*Action item*: Which of the lines in the data mention the string "lceil"? List them all.

........

(* Consider the discrete-time system with sensor and actuator attacks described in the context. Let $q$ be the largest integer such that for every $J_s\subset\{1,\ldots,n_y\}$ with $\card(J_s)\ge n_y-2q>0$ a complete UIO for $J_s$ exists, and suppose the set of attacked sensors satisfies $\card(W_y)\le q<\frac{n_y}{2}$ (the actuator attack $a_u$ is arbitrary; all actuators may be attacked). Run a complete UIO $\hat x_{J_s}$ for each $J_s\subset\{1,\dots,n_y\}$ with $\card(J_s)=n_y-q$ and a complete UIO $\hat x_{S_s}$ for each $S_s\subset\{1,\dots,n_y\}$ with $\card(S_s)=n_y-2q$. For each $k\ge0$ and each $J_s$ with $\card(J_s)=n_y-q$ define $$\pi_{J_s}(k)=\max_{S_s\subset J_s,\ \card(S_s)=n_y-2q}|\hat x_{J_s}(k)-\hat x_{S_s}(k)|,$$ let $\sigma_s(k)$ be a minimizer of $\pi_{J_s}(k)$ over all $J_s\subset\{1,\dots,n_y\}$ with $\card(J_s)=n_y-q$, and set $\hat x(k)=\hat x_{\sigma_s(k)}(k)$. Define $e(k)=\hat x_{\sigma_s(k)}(k)-x(k)$. Then there exists a class-$\mathcal{KL}$ function $\bar\beta$ such that $$|e(k)|\le\bar\beta(e_0,k)\quad\text{for all }k\ge0,\qquad e_0:=\max_{J_s:\card(J_s)=n_y-q,\ S_s:\card(S_s)=n_y-2q}\{|e_{J_s}(0)|,|e_{S_s}(0)|\},$$ where $e_{J_s}=\hat x_{J_s}-x$ and $e_{S_s}=\hat x_{S_s}-x$.
   Context: System: $x(k+1)=f(x(k))+B(u(k)+a_u(k))$, $y(k)=h(x(k))+a_y(k)$, $k\in\mathbb{N}$, with state $x\in\mathbb{R}^n$, known input $u\in\mathbb{R}^{n_u}$, actuator attack $a_u\in\mathbb{R}^{n_u}$, output $y\in\mathbb{R}^{n_y}$, sensor attack $a_y=(a_{y1},\dots,a_{yn_y})^\top\in\mathbb{R}^{n_y}$ (attacks may be arbitrarily large), $f:\mathbb{R}^n\to\mathbb{R}^n$, $h:\mathbb{R}^n\to\mathbb{R}^{n_y}$, $B\in\mathbb{R}^{n\times n_u}$ of full column rank. The unknown set of attacked sensors is $W_y=\{i:a_{yi}(k)\ne0\text{ for some }k\ge0\}$, so $\supp(a_y(k))\subseteq W_y$ for all $k$ (it is time-invariant); similarly the attacked actuator set $W_u=\{i:a_{ui}(k)\ne0\text{ for some }k\ge0\}$ is time-invariant. For $J\subset\{1,\dots,n_y\}$, $y^J$, $a_y^J$ denote subvectors of components indexed by $J$. A complete UIO for $J_s$ is a system $\hat x_{J_s}(k+1)=f_{J_s}(\hat x_{J_s}(k),u(k),y^{J_s}(k),y^{J_s}(k+1))$ with $f_{J_s}:\mathbb{R}^n\times\mathbb{R}^{n_u}\times\mathbb{R}^{\card(J_s)}\times\mathbb{R}^{\card(J_s)}\to\mathbb{R}^n$ such that, with $e_{J_s}=\hat x_{J_s}-x$, there is a class-$\mathcal{KL}$ function $\beta_{J_s}$ with $|e_{J_s}(k)|\le\beta_{J_s}(|e_{J_s}(0)|,k)$ for all $k\ge0$, for all initial conditions $x(0),\hat x_{J_s}(0)\in\mathbb{R}^n$, all known inputs and all actuator attacks $a_u$, whenever $a_y^{J_s}(k)=0$ for all $k\ge0$. $|\cdot|$ is the Euclidean norm. *)

theory Defs
  imports "HOL-Analysis.Analysis"
begin
lemma psd_branch_op:
  assumes "psd (dS*dA) \<rho>"
  shows "psd dS (branch_op dS dA B \<rho> a)"
proof -
  have \<rho>: "\<rho> \<in> carrier_mat (dS*dA) (dS*dA)" and adj_\<rho>: "adj \<rho> = \<rho>"
    and form: "\<And>w. 0 \<le> Re (\<Sum>p<dS*dA. \<Sum>q<dS*dA. cnj (w p) * \<rho> $$ (p,q) * w q)"
    using assms by (auto simp: psd_def)
  have herm: "cnj (\<rho> $$ (i*dA+b, j*dA+b')) = \<rho> $$ (j*dA+b', i*dA+b)"
    if "i < dS" "b < dA" "j < dS" "b' < dA" for i b j b'
    using arg_cong[OF adj_\<rho>, of "\<lambda>M. M $$ (j*dA+b', i*dA+b)"] \<rho>
      pair_index_less[OF that(1,2)] pair_index_less[OF that(3,4)]
    by simp
  have "adj (branch_op dS dA B \<rho> a) = branch_op dS dA B \<rho> a"
  proof (rule eq_matI)
    fix i j
    assume "i < dim_row (branch_op dS dA B \<rho> a)" "j < dim_col (branch_op dS dA B \<rho> a)"
    then have i: "i < dS" and j: "j < dS"
      by (simp_all add: branch_op_def)
    have entry: "cnj (cnj (B $$ (b,a)) * \<rho> $$ (j*dA+b, i*dA+b') * B $$ (b',a))
        = cnj (B $$ (b',a)) * \<rho> $$ (i*dA+b', j*dA+b) * B $$ (b,a)" if "b < dA" "b' < dA" for b b'
      using herm[OF j that(1) i that(2)] by (simp add: mult_ac)
    have "adj (branch_op dS dA B \<rho> a) $$ (i,j) = cnj (branch_op dS dA B \<rho> a $$ (j,i))"
      using i j by (simp add: branch_op_def)
    also have "\<dots> = (\<Sum>b<dA. \<Sum>b'<dA. cnj (cnj (B $$ (b,a)) * \<rho> $$ (j*dA+b, i*dA+b') * B $$ (b',a)))"
      using i j by (simp only: branch_op_def index_mat split cnj_sum)
    also have "\<dots> = (\<Sum>b<dA. \<Sum>b'<dA. cnj (B $$ (b',a)) * \<rho> $$ (i*dA+b', j*dA+b) * B $$ (b,a))"
      by (intro sum.cong refl) (rule entry; simp)
    also have "\<dots> = branch_op dS dA B \<rho> a $$ (i,j)"
      using i j unfolding branch_op_def by simp (rule sum.swap)
    finally show "adj (branch_op dS dA B \<rho> a) $$ (i,j) = branch_op dS dA B \<rho> a $$ (i,j)" .
  qed (simp_all add: branch_op_def)
  moreover have "0 \<le> Re (\<Sum>i<dS. \<Sum>j<dS. cnj (v i) * branch_op dS dA B \<rho> a $$ (i,j) * v j)" for v
  proof -
    \<comment> \<open>the form of \<open>branch_op\<close> at \<open>v\<close> is the form of \<open>\<rho>\<close> at \<open>v \<otimes> |a\<rangle>\<close>\<close>
    define w where "w p = v (p div dA) * B $$ (p mod dA, a)" for p
    have "(\<Sum>p<dS*dA. \<Sum>q<dS*dA. cnj (w p) * \<rho> $$ (p,q) * w q)
        = (\<Sum>i<dS. \<Sum>b<dA. \<Sum>j<dS. \<Sum>b'<dA.
             cnj (v i) * (cnj (B $$ (b,a)) * \<rho> $$ (i*dA+b, j*dA+b') * B $$ (b',a)) * v j)"
      unfolding sum_lessThan_mult by (simp add: w_def mult_ac)
    also have "\<dots> = (\<Sum>i<dS. \<Sum>j<dS. \<Sum>b<dA. \<Sum>b'<dA.
             cnj (v i) * (cnj (B $$ (b,a)) * \<rho> $$ (i*dA+b, j*dA+b') * B $$ (b',a)) * v j)"
      by (rule sum.cong[OF refl], rule sum.swap)
    also have "\<dots> = (\<Sum>i<dS. \<Sum>j<dS. cnj (v i) * branch_op dS dA B \<rho> a $$ (i,j) * v j)"
      by (simp add: branch_op_def sum_distrib_left sum_distrib_right)
    finally show ?thesis
      using form[of w] by simp
  qed
  ultimately show ?thesis
    by (simp add: psd_def)
qed
lemma interval_step_towards_start:
  assumes "x \<in> V" "y \<in> V" "a \<in> interval V E x y" "a \<noteq> x"
  shows "\<exists>a'. E a a' \<and> a' \<in> interval V E x y \<and> d x a' + 1 = d x a"
proof -
  have aV: "a \<in> V" using assms by (simp add: interval_def)
  then obtain a' where a': "E a a'" "d a' x + 1 = d a x"
    using neighbour_closer_exists assms by blast
  have a'V: "a' \<in> V" using a' edge_vertices by blast
  have "d x a' + 1 = d x a" using a' aV a'V assms dist_commute by metis
  moreover have "d a' y \<le> d a y + 1"
    using dist_edge_le_left[OF a'(1) assms(2)] .
  moreover have "d x y \<le> d x a' + d a' y"
    using dist_triangle[OF assms(1,2) a'V] .
  ultimately show ?thesis using a' a'V assms by (auto simp: interval_def)
qed

theorem interval_levels_thin:
  assumes "x \<in> V" "y \<in> V"
  shows "a \<in> interval V E x y \<Longrightarrow> b \<in> interval V E x y \<Longrightarrow> d x a = s \<Longrightarrow> d x b = s \<Longrightarrow>
    d a b \<le> i + 1"
proof (induction s arbitrary: a b)
  case 0
  then have "a = x" "b = x"
    using dist_eq_0_iff[OF assms(1)] by (auto simp: interval_def)
  then show ?case using dist_self assms by simp
next
  case (Suc s)
  obtain a' where a': "E a a'" "a' \<in> interval V E x y" "d x a' = s"
    using interval_step_towards_start[OF assms Suc.prems(1)] Suc.prems(3) assms(1) dist_self
    by force
  obtain b' where b': "E b b'" "b' \<in> interval V E x y" "d x b' = s"
    using interval_step_towards_start[OF assms Suc.prems(2)] Suc.prems(4) assms(1) dist_self
    by force
  have V: "a \<in> V" "b \<in> V" "a' \<in> V" "b' \<in> V"
    using Suc.prems a' b' by (auto simp: interval_def)
  have on_interval: "d x a + d a y = d x y" "d x b + d b y = d x y"
      "d x a' + d a' y = d x y" "d x b' + d b' y = d x y"
    using Suc.prems a' b' by (auto simp: interval_def)
  note comm = dist_commute[OF assms(1) V(1)] dist_commute[OF assms(1) V(2)]
    dist_commute[OF assms(1) V(3)] dist_commute[OF assms(2) V(1)]
    dist_commute[OF assms(2) V(2)] dist_commute[OF assms(2) V(3)]
    dist_commute[OF V(1) V(2)] dist_commute[OF V(2) V(3)]
  show ?case
  proof (rule ccontr)
    assume far: "\<not> d a b \<le> i + 1"
    have "d a' b = d a b"
    proof -
      have "\<not> d b a' = d b a + 1"
      proof
        assume "d b a' = d b a + 1"
        then have "d b a + d a x \<le> d b x + i"
          using alpha_metricD[of b x a a'] a' Suc.prems V assms comm by simp
        then show False using far Suc.prems comm by simp
      qed
      moreover have "\<not> d a b = d a' b + 1"
      proof
        assume "d a b = d a' b + 1"
        then have "d y a + d a b \<le> d y b + i"
          using alpha_metricD[of y b a a'] a' Suc.prems V assms comm on_interval by simp
        then show False using far Suc.prems comm on_interval by simp
      qed
      moreover have "d a' b \<le> d a b + 1" "d a b \<le> d a' b + 1"
        using dist_edge_le_left a'(1) edge_sym V by blast+
      ultimately show ?thesis using comm by linarith
    qed
    moreover have "d a' b' \<le> i + 1"
      using Suc.IH a' b' by blast
    moreover have "d a' b \<le> d a' b' + 1"
      using dist_edge_le_right b'(1) edge_sym V by blast
    ultimately have "d a' b = d a' b' + 1" using far by linarith
    then have "d a' b' + d b' y \<le> d a' y + i"
      using alpha_metricD[of a' y b' b] b' edge_sym V assms on_interval Suc.prems by simp
    then show False
      using far \<open>d a' b = d a b\<close> \<open>d a' b = d a' b' + 1\<close> on_interval a'(3) b'(3) by linarith
  qed
qed

lemma mutually_distant_dist_le:
  assumes "mutually_distant V E x y" "x \<in> V" "y \<in> V" "v \<in> V"
  shows "d x v \<le> d x y" "d y v \<le> d x y"
  using ecc_ge[OF assms(4), of x] ecc_ge[OF assms(4), of y] assms
    dist_commute[OF assms(2,4)] dist_commute[OF assms(3,4)]
  unfolding mutually_distant_def by simp_all

lemma interval_level_near:
  assumes md: "mutually_distant V E x y" and xy: "x \<in> V" "y \<in> V"
    and "s \<le> d x y" and vV: "v \<in> V"
  shows "\<exists>c \<in> interval V E x y. d x c = s \<and> d c v \<le> max s (d x y - s) + i"
proof -
  let ?L = "{c \<in> interval V E x y. d x c = s}"
  obtain c0 where "c0 \<in> ?L" using interval_level_exists xy assms(4) by blast
  then obtain c where c: "c \<in> ?L" and c_min: "\<And>c'. c' \<in> ?L \<Longrightarrow> d c v \<le> d c' v"
    using ex_has_least_nat[of "\<lambda>c. c \<in> ?L" c0 "\<lambda>c. d c v"] by blast
  have cV: "c \<in> V" and c_on: "d x c + d c y = d x y" "d x c = s"
    using c by (auto simp: interval_def)
  have "d c v \<le> max s (d x y - s) + i"
  proof (cases "c = v")
    case True then show ?thesis using dist_self cV by simp
  next
    case False
    then obtain w where w: "E c w" "d w v + 1 = d c v"
      using neighbour_closer_exists cV vV by blast
    have wV: "w \<in> V" using w edge_vertices by blast
    have "w \<notin> ?L"
    proof
      assume "w \<in> ?L"
      then have "d c v \<le> d w v" by (rule c_min)
      with w show False by simp
    qed
    then have "\<not> (d x w = d x c \<and> d w y = d c y)"
      using wV c_on by (auto simp: interval_def)
    moreover have "d x w \<le> d x c + 1" "d w y \<le> d c y + 1" "d x y \<le> d x w + d w y"
      using dist_edge_le_right[OF w(1) xy(1)] dist_edge_le_left[OF w(1) xy(2)] dist_triangle[OF xy wV] .
    ultimately consider "d x w = d x c + 1" | "d w y = d c y + 1"
      using c_on by linarith
    then show ?thesis
    proof cases
      case 1
      then have "d x c + d c v \<le> d x v + i"
        using alpha_metricD[OF xy(1) vV w(1)] w(2) by simp
      then show ?thesis using mutually_distant_dist_le[OF md xy vV] c_on by linarith
    next
      case 2
      then have "d y w = d y c + 1"
        using dist_commute[OF xy(2) wV] dist_commute[OF xy(2) cV] by simp
      then have "d y c + d c v \<le> d y v + i"
        using alpha_metricD[OF xy(2) vV w(1)] w(2) by simp
      then show ?thesis
        using mutually_distant_dist_le[OF md xy vV] c_on dist_commute[OF xy(2) cV] by linarith
    qed
  qed
  then show ?thesis using c by blast
qed
lemma ex_max_index_others_lt_half:
  fixes \<beta> :: "'a \<Rightarrow> real"
  assumes fin: "finite I" "I \<noteq> {}" and nonneg: "\<forall>j\<in>I. 0 \<le> \<beta> j" and sum_I: "sum \<beta> I < 1"
  shows "\<exists>i\<in>I. \<beta> i < 1 \<and> sum \<beta> (I - {i}) < 1 \<and> (\<forall>j\<in>I - {i}. \<beta> j < 1/2)"
proof -
  obtain i where i: "i \<in> I" "\<forall>j\<in>I. \<beta> j \<le> \<beta> i"
    using ex_max_on_finite[OF fin] by blast
  have sum_split: "sum \<beta> I = \<beta> i + sum \<beta> (I - {i})"
    using fin(1) i(1) by (simp add: sum.remove)
  have "0 \<le> sum \<beta> (I - {i})"
    using nonneg by (intro sum_nonneg) auto
  moreover have "\<beta> j < 1/2" if j: "j \<in> I - {i}" for j
  proof -
    have "\<beta> j \<le> sum \<beta> (I - {i})"
      using fin(1) nonneg j by (intro member_le_sum) auto
    moreover have "\<beta> j \<le> \<beta> i"
      using i(2) j by blast
    ultimately show ?thesis
      using sum_split sum_I by linarith
  qed
  ultimately show ?thesis
    using i nonneg sum_split sum_I by (intro bexI[of _ i]) auto
qed

section \<open>Level parameters\<close>

lemma ln_ge_if_exp_le:
  fixes x :: real
  assumes "exp a \<le> x"
  shows "a \<le> ln x"
  using assms exp_gt_zero[of a] ln_ge_iff[of x a] by linarith

lemma ln_le_two_sqrt:
  fixes t :: real
  assumes "0 < t"
  shows "ln t \<le> 2 * sqrt t"
proof -
  have "ln t = 2 * ln (sqrt t)"
    using assms by (simp add: ln_sqrt)
  also have "\<dots> \<le> 2 * (sqrt t - 1)"
    using ln_le_minus_one[of "sqrt t"] assms by simp
  finally show ?thesis
    by simp
qed

lemma ln_floor_sqrt_ge:
  fixes t :: real
  assumes "16 \<le> t"
  shows "ln t / 4 \<le> ln (real (nat \<lfloor>sqrt t\<rfloor>))"
proof -
  have sqrt_t: "4 \<le> sqrt t"
    using real_sqrt_le_mono[OF assms] by simp
  have "4 * ln 2 = ln (16::real)"
    using ln_realpow[of 2 4] by simp
  also have "\<dots> \<le> ln t"
    using assms by simp
  finally have "ln t / 4 \<le> ln t / 2 - ln 2"
    by simp
  also have "\<dots> = ln (sqrt t / 2)"
    using sqrt_t assms by (simp add: ln_div ln_sqrt)
  also have "\<dots> \<le> ln (real (nat \<lfloor>sqrt t\<rfloor>))"
    using sqrt_t by (intro ln_mono) linarith+
  finally show ?thesis .
qed

lemma ln_ln_div_ln_bounds:
  fixes x :: real
  assumes "exp 1 \<le> x"
  shows "0 \<le> ln (ln x) / ln x" "ln (ln x) / ln x \<le> 1"
proof -
  have "1 \<le> ln x"
    using ln_ge_if_exp_le[OF assms] .
  moreover have "ln (ln x) \<le> ln x - 1"
    using calculation by (intro ln_le_minus_one) simp
  ultimately show "0 \<le> ln (ln x) / ln x" "ln (ln x) / ln x \<le> 1"
    by simp_all
qed

lemma power_nat_ceiling_log_bounds:
  fixes \<theta> x :: real
  assumes "1 < \<theta>" "1 \<le> x"
  shows "x \<le> \<theta> ^ nat \<lceil>ln x / ln \<theta>\<rceil>" "real (nat \<lceil>ln x / ln \<theta>\<rceil>) \<le> ln x / ln \<theta> + 1"
proof -
  define K where "K = nat \<lceil>ln x / ln \<theta>\<rceil>"
  have "0 < ln \<theta>" "0 \<le> ln x"
    using assms by simp_all
  then have "0 \<le> ln x / ln \<theta>"
    by simp
  then have "real K = of_int \<lceil>ln x / ln \<theta>\<rceil>"
    unfolding K_def by (intro of_nat_nat) simp
  then have K: "ln x / ln \<theta> \<le> real K" "real K \<le> ln x / ln \<theta> + 1"
    using ceiling_correct[of "ln x / ln \<theta>"] by linarith+
  then have "ln x \<le> ln (\<theta> ^ K)"
    using \<open>0 < ln \<theta>\<close> assms(1) by (simp add: ln_realpow divide_le_eq)
  then show "x \<le> \<theta> ^ nat \<lceil>ln x / ln \<theta>\<rceil>"
    using assms unfolding K_def by simp
  show "real (nat \<lceil>ln x / ln \<theta>\<rceil>) \<le> ln x / ln \<theta> + 1"
    using K(2) by (simp add: K_def)
qed

lemma ex_level_parameters:
  assumes "exp 16 \<le> real n"
  shows "\<exists>\<theta> K. 2 \<le> \<theta> \<and> n \<le> \<theta>^K \<and>
    real K + 1 + 2 * real \<theta> \<le> 10 * ln (real n) / ln (ln (real n))"
proof -
  define t where "t = ln (real n)"
  define \<theta> where "\<theta> = nat \<lfloor>sqrt t\<rfloor>"
  define K where "K = nat \<lceil>t / ln \<theta>\<rceil>"
  have t: "16 \<le> t"
    unfolding t_def by (rule ln_ge_if_exp_le[OF assms])
  have sqrt_t: "4 \<le> sqrt t"
    using real_sqrt_le_mono[OF t] by simp
  have "real \<theta> = of_int \<lfloor>sqrt t\<rfloor>"
    using t unfolding \<theta>_def by (intro of_nat_nat) simp
  then have \<theta>: "real \<theta> \<le> sqrt t" "2 \<le> \<theta>"
    using sqrt_t by linarith+
  have ln_t: "0 < ln t"
    using t by simp
  have ln_\<theta>: "ln t / 4 \<le> ln \<theta>"
    using ln_floor_sqrt_ge[OF t] by (simp add: \<theta>_def)
  have "1 \<le> real n"
    using assms exp_ge_add_one_self[of 16] by linarith
  then have "real n \<le> real \<theta> ^ K" "real K \<le> t / ln \<theta> + 1"
    using power_nat_ceiling_log_bounds[of "real \<theta>" "real n"] \<theta>(2) by (simp_all add: K_def t_def)
  then have n_le: "n \<le> \<theta>^K"
    by (metis of_nat_le_iff of_nat_power)
  moreover have "t / ln \<theta> \<le> 4 * t / ln t"
    using divide_left_mono[OF ln_\<theta>, of t] ln_\<theta> ln_t t by (simp add: mult.commute)
  ultimately have K: "real K \<le> 4 * t / ln t + 1"
    using \<open>real K \<le> t / ln \<theta> + 1\<close> by linarith
  have "ln t * sqrt t \<le> 2 * sqrt t * sqrt t"
    using ln_le_two_sqrt[of t] t by (intro mult_right_mono) auto
  also have "\<dots> = 2 * t"
    using t by simp
  finally have "sqrt t \<le> 2 * t / ln t"
    using ln_t by (simp add: le_divide_eq mult.commute)
  then have "real K + 1 + 2 * real \<theta> \<le> 10 * t / ln t"
    using K \<theta>(1) sqrt_t by (simp add: add_divide_distrib[symmetric])
  then show ?thesis
    using n_le \<theta>(2) unfolding t_def by blast
qed

section \<open>Equal-pay contracts\<close>

definition uniform_contract :: "real \<Rightarrow> nat set \<Rightarrow> nat \<Rightarrow> real" where
  "uniform_contract a B i = (if i \<in> B then a else 0)"

lemma contract_uniform_contract: "0 \<le> a \<Longrightarrow> a \<le> 1 \<Longrightarrow> contract n (uniform_contract a B)"
  by (simp add: contract_def uniform_contract_def)

lemma equal_pay_uniform_contract: "equal_pay n (uniform_contract a B)"
  by (simp add: equal_pay_def uniform_contract_def)

lemma principal_utility_uniform_contract:
  assumes "B \<subseteq> {..<n}"
  shows "principal_utility n f (uniform_contract a B) S = (1 - a * card B) * f S"
proof -
  have "(\<Sum>i<n. uniform_contract a B i) = (\<Sum>i\<in>{..<n} \<inter> B. a)"
    by (simp add: uniform_contract_def sum.If_cases)
  also have "{..<n} \<inter> B = B"
    using assms by blast
  finally show ?thesis
    by (simp add: principal_utility_def mult.commute)
qed

lemma cost_nonneg: "valid_instance n T own c \<Longrightarrow> S \<subseteq> T \<Longrightarrow> 0 \<le> cost c S"
  unfolding valid_instance_def cost_def by (auto intro: sum_nonneg)

lemma cost_split: "finite S \<Longrightarrow> cost c S = cost c (S - A) + cost c (S \<inter> A)"
  unfolding cost_def using sum.Int_Diff[of S c A] by (simp add: add.commute)

text \<open>Under \<open>uniform_contract a B\<close> the change of utility of an agent of \<open>B\<close> who deviates
  equals the change of \<open>a f(D) - c(D)\<close>, an exact potential.\<close>

lemma pure_NE_uniform_contract_if_potential_max:
  assumes inst: "valid_instance n T own c"
    and S: "S \<subseteq> {j\<in>T. own j \<in> B}"
    and max: "\<forall>D\<subseteq>{j\<in>T. own j \<in> B}. a * f D - cost c D \<le> a * f S - cost c S"
  shows "pure_NE n T own c f (uniform_contract a B) S"
  unfolding pure_NE_def
proof (intro conjI allI impI)
  show "S \<subseteq> T"
    using S by blast
  fix i S' assume "i < n" and S': "S' \<subseteq> actions_of T own i"
  define A where "A = actions_of T own i"
  define S2 where "S2 = (S - A) \<union> S'"
  have fin: "finite S" "finite S2"
    using inst S S' finite_subset by (fastforce simp: valid_instance_def S2_def A_def actions_of_def)+
  have S2_A: "S2 - A = S - A" "S2 \<inter> A = S'"
    using S' by (auto simp: S2_def A_def)
  show "utility T own c f (uniform_contract a B) i S2 \<le> utility T own c f (uniform_contract a B) i S"
  proof (cases "i \<in> B")
    case True
    have "S2 \<subseteq> {j\<in>T. own j \<in> B}"
      using S S' True by (auto simp: S2_def A_def actions_of_def)
    then have "a * f S2 - cost c S2 \<le> a * f S - cost c S"
      using max by blast
    then show ?thesis
      using True cost_split[OF fin(1), of c A] cost_split[OF fin(2), of c A] S2_A
      by (simp add: utility_def uniform_contract_def A_def)
  next
    case False
    have "S \<inter> A = {}"
      using S False by (auto simp: A_def actions_of_def)
    moreover have "0 \<le> cost c S'"
      using cost_nonneg[OF inst] S' by (auto simp: actions_of_def)
    ultimately show ?thesis
      using False S2_A by (simp add: utility_def uniform_contract_def cost_def A_def)
  qed
qed

lemma ex_pure_NE_uniform_contract:
  assumes "valid_instance n T own c"
  shows "\<exists>S\<subseteq>{j\<in>T. own j \<in> B}. pure_NE n T own c f (uniform_contract a B) S \<and>
    (\<forall>D\<subseteq>{j\<in>T. own j \<in> B}. a * f D - cost c D \<le> a * f S - cost c S)"
proof -
  define TB where "TB = {j\<in>T. own j \<in> B}"
  have "finite TB"
    using assms by (simp add: valid_instance_def TB_def)
  then obtain S where "S \<in> Pow TB" "\<forall>D\<in>Pow TB. a * f D - cost c D \<le> a * f S - cost c S"
    using ex_max_on_finite[of "Pow TB" "\<lambda>D. a * f D - cost c D"] by auto
  then have S: "S \<subseteq> TB" and max: "\<forall>D\<subseteq>TB. a * f D - cost c D \<le> a * f S - cost c S"
    by auto
  then show ?thesis
    using pure_NE_uniform_contract_if_potential_max[OF assms, of S B a f] unfolding TB_def by blast
qed

lemma ex_equal_pay_NE_nonneg:
  assumes "valid_instance n T own c" "valid_reward T f"
  shows "\<exists>\<alpha> S. contract n \<alpha> \<and> equal_pay n \<alpha> \<and> pure_NE n T own c f \<alpha> S \<and>
    0 \<le> principal_utility n f \<alpha> S"
proof -
  obtain S where "S \<subseteq> {j\<in>T. own j \<in> {}}" "pure_NE n T own c f (uniform_contract 0 {}) S"
    using ex_pure_NE_uniform_contract[OF assms(1), where B="{}" and a=0 and f=f] by blast
  moreover have "0 \<le> principal_utility n f (uniform_contract 0 {}) {}"
    using assms(2) by (simp add: principal_utility_uniform_contract valid_reward_def)
  ultimately show ?thesis
    using contract_uniform_contract equal_pay_uniform_contract by fastforce
qed

lemma XOS_supporting_additive:
  assumes "XOS T f" "S \<subseteq> T"
  shows "\<exists>w. (\<forall>j\<in>T. 0 \<le> w j) \<and> (\<forall>U\<subseteq>T. sum w U \<le> f U) \<and> f S = sum w S"
proof -
  obtain L :: "(nat \<Rightarrow> real) set" where L: "finite L" "L \<noteq> {}" "\<forall>w\<in>L. \<forall>j\<in>T. 0 \<le> w j"
      "\<forall>U\<subseteq>T. f U = Max ((\<lambda>w. sum w U) ` L)"
    using assms(1) unfolding XOS_def by blast
  obtain w where "w \<in> L" "sum w S = Max ((\<lambda>w. sum w S) ` L)"
    using Max_in[of "(\<lambda>w. sum w S) ` L"] L(1,2) by fastforce
  then show ?thesis
    using L assms(2) by (intro exI[of _ w]) auto
qed

section \<open>Equilibria supported by an additive function\<close>

lemma sum_group_by_owner:
  assumes "finite A" "finite B"
  shows "(\<Sum>i\<in>B. sum h {j\<in>A. own j = i}) = sum h {j\<in>A. own j \<in> B}"
proof -
  have "(\<Sum>i\<in>B. sum h {j\<in>{j\<in>A. own j \<in> B}. own j = i}) = sum h {j\<in>A. own j \<in> B}"
    using assms by (intro sum.group) auto
  moreover have "{j\<in>{j\<in>A. own j \<in> B}. own j = i} = {j\<in>A. own j = i}" if "i \<in> B" for i
    using that by auto
  ultimately show ?thesis
    by simp
qed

........

*Written answer*:
  shows "x \<le> \<theta> ^ nat \<lceil>ln x / ln \<theta>\<rceil>" "real (nat \<lceil>ln x / ln \<theta>\<rceil>) \<le> ln x / ln \<theta> + 1"
  define K where "K = nat \<lceil>ln x / ln \<theta>\<rceil>"
  then have "real K = of_int \<lceil>ln x / ln \<theta>\<rceil>"
  then show "x \<le> \<theta> ^ nat \<lceil>ln x / ln \<theta>\<rceil>"
  show "real (nat \<lceil>ln x / ln \<theta>\<rceil>) \<le> ln x / ln \<theta> + 1"
  define K where "K = nat \<lceil>t / ln \<theta>\<rceil>"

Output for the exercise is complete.